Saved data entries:
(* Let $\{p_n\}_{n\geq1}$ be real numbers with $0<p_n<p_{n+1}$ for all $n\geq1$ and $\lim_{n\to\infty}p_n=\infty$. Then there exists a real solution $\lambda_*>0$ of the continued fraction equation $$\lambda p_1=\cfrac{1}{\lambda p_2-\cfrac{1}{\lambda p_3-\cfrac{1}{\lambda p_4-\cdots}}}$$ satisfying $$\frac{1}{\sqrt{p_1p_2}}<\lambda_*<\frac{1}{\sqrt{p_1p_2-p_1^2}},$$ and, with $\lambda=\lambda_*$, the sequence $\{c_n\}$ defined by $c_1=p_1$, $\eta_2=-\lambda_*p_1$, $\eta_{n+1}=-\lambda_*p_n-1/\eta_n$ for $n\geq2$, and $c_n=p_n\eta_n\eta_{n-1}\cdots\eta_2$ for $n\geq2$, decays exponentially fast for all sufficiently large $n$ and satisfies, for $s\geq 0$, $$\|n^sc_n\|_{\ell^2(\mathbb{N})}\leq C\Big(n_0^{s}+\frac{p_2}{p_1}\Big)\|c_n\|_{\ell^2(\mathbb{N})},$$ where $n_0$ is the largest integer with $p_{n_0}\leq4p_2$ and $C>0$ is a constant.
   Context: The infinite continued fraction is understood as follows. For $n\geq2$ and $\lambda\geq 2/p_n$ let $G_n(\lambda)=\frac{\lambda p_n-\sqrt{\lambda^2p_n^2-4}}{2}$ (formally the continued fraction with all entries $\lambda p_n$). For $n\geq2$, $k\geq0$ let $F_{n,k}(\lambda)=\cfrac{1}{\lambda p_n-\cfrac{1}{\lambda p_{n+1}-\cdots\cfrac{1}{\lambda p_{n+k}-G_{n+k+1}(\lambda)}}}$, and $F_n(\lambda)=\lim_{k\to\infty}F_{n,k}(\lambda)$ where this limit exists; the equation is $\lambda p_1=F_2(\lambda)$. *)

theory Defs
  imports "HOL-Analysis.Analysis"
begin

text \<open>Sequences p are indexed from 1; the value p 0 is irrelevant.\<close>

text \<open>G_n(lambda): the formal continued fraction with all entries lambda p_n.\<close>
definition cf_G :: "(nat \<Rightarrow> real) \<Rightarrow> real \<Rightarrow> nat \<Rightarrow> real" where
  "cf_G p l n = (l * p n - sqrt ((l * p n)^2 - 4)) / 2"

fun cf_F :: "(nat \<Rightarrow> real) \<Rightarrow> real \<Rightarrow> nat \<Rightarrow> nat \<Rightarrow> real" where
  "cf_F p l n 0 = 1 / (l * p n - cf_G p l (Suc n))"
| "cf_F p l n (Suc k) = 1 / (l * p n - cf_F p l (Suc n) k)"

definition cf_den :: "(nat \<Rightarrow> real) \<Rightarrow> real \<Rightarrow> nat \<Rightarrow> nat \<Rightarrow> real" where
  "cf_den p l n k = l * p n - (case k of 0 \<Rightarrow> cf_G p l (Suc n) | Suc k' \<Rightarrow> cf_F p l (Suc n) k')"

==

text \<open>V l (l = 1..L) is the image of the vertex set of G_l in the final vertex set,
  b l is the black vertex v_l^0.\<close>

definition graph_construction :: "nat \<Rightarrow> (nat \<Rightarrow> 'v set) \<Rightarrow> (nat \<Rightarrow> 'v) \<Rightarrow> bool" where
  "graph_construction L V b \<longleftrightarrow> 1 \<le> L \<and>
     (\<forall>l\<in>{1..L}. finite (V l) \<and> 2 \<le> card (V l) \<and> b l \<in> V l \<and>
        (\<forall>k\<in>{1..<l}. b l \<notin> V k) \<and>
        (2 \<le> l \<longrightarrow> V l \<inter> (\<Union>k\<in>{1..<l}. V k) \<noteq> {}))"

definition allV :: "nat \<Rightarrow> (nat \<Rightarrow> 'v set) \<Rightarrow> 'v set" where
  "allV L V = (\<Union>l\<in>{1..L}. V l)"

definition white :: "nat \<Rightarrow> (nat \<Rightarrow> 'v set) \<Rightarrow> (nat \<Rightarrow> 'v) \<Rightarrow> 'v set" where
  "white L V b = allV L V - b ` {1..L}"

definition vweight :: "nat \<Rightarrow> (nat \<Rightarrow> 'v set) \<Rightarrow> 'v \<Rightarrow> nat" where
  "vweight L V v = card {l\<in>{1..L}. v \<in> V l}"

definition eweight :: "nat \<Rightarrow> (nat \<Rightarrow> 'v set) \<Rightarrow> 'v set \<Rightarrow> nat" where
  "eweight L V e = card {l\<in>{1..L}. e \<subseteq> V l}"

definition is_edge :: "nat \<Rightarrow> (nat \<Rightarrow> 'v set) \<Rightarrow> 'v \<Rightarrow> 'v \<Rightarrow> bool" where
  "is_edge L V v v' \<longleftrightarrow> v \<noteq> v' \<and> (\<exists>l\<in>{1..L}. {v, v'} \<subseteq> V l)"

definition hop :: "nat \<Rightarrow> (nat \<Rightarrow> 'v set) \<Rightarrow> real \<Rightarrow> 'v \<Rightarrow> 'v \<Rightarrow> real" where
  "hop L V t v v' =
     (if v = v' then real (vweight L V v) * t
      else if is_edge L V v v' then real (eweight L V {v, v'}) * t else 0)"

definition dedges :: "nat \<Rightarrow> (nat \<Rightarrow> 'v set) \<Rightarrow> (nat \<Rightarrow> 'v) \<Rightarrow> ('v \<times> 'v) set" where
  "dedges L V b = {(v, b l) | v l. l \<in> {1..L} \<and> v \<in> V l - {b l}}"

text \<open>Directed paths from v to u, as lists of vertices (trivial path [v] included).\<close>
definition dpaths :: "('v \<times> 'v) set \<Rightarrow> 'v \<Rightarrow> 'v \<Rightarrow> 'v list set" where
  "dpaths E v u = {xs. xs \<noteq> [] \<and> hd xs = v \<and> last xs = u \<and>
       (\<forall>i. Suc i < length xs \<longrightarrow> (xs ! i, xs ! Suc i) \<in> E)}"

---

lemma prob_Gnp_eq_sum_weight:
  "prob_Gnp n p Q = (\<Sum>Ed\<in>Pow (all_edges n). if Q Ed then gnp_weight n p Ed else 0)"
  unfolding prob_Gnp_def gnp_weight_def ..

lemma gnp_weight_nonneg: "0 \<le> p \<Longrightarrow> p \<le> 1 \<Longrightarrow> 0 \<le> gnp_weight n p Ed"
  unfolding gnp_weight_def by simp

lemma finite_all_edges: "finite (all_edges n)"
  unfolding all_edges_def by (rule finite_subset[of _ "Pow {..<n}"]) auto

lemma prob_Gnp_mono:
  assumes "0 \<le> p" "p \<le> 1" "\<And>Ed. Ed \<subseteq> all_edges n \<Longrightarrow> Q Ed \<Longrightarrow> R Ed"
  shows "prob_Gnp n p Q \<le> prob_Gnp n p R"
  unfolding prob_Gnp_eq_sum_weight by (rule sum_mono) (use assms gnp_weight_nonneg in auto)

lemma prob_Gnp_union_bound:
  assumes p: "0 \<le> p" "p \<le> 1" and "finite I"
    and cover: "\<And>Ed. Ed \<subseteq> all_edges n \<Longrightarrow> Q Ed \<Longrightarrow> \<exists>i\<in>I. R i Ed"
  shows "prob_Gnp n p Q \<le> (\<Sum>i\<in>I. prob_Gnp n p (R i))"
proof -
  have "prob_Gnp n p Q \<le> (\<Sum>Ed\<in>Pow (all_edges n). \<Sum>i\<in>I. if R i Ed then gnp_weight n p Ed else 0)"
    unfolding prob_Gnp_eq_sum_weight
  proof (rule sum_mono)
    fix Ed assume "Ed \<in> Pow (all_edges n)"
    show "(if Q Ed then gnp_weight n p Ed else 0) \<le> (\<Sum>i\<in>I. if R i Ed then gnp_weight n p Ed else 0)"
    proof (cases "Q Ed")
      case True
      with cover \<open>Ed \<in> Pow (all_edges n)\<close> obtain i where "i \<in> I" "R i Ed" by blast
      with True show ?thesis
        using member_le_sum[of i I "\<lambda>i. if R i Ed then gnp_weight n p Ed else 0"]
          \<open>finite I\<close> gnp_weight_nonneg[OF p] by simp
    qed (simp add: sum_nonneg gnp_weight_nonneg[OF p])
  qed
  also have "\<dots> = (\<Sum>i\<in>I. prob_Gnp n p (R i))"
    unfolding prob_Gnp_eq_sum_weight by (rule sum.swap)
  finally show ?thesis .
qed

- **Exercise instructions**: Report each line above containing the string "thesis".

- **Response**:
      with True show ?thesis
  finally show ?thesis .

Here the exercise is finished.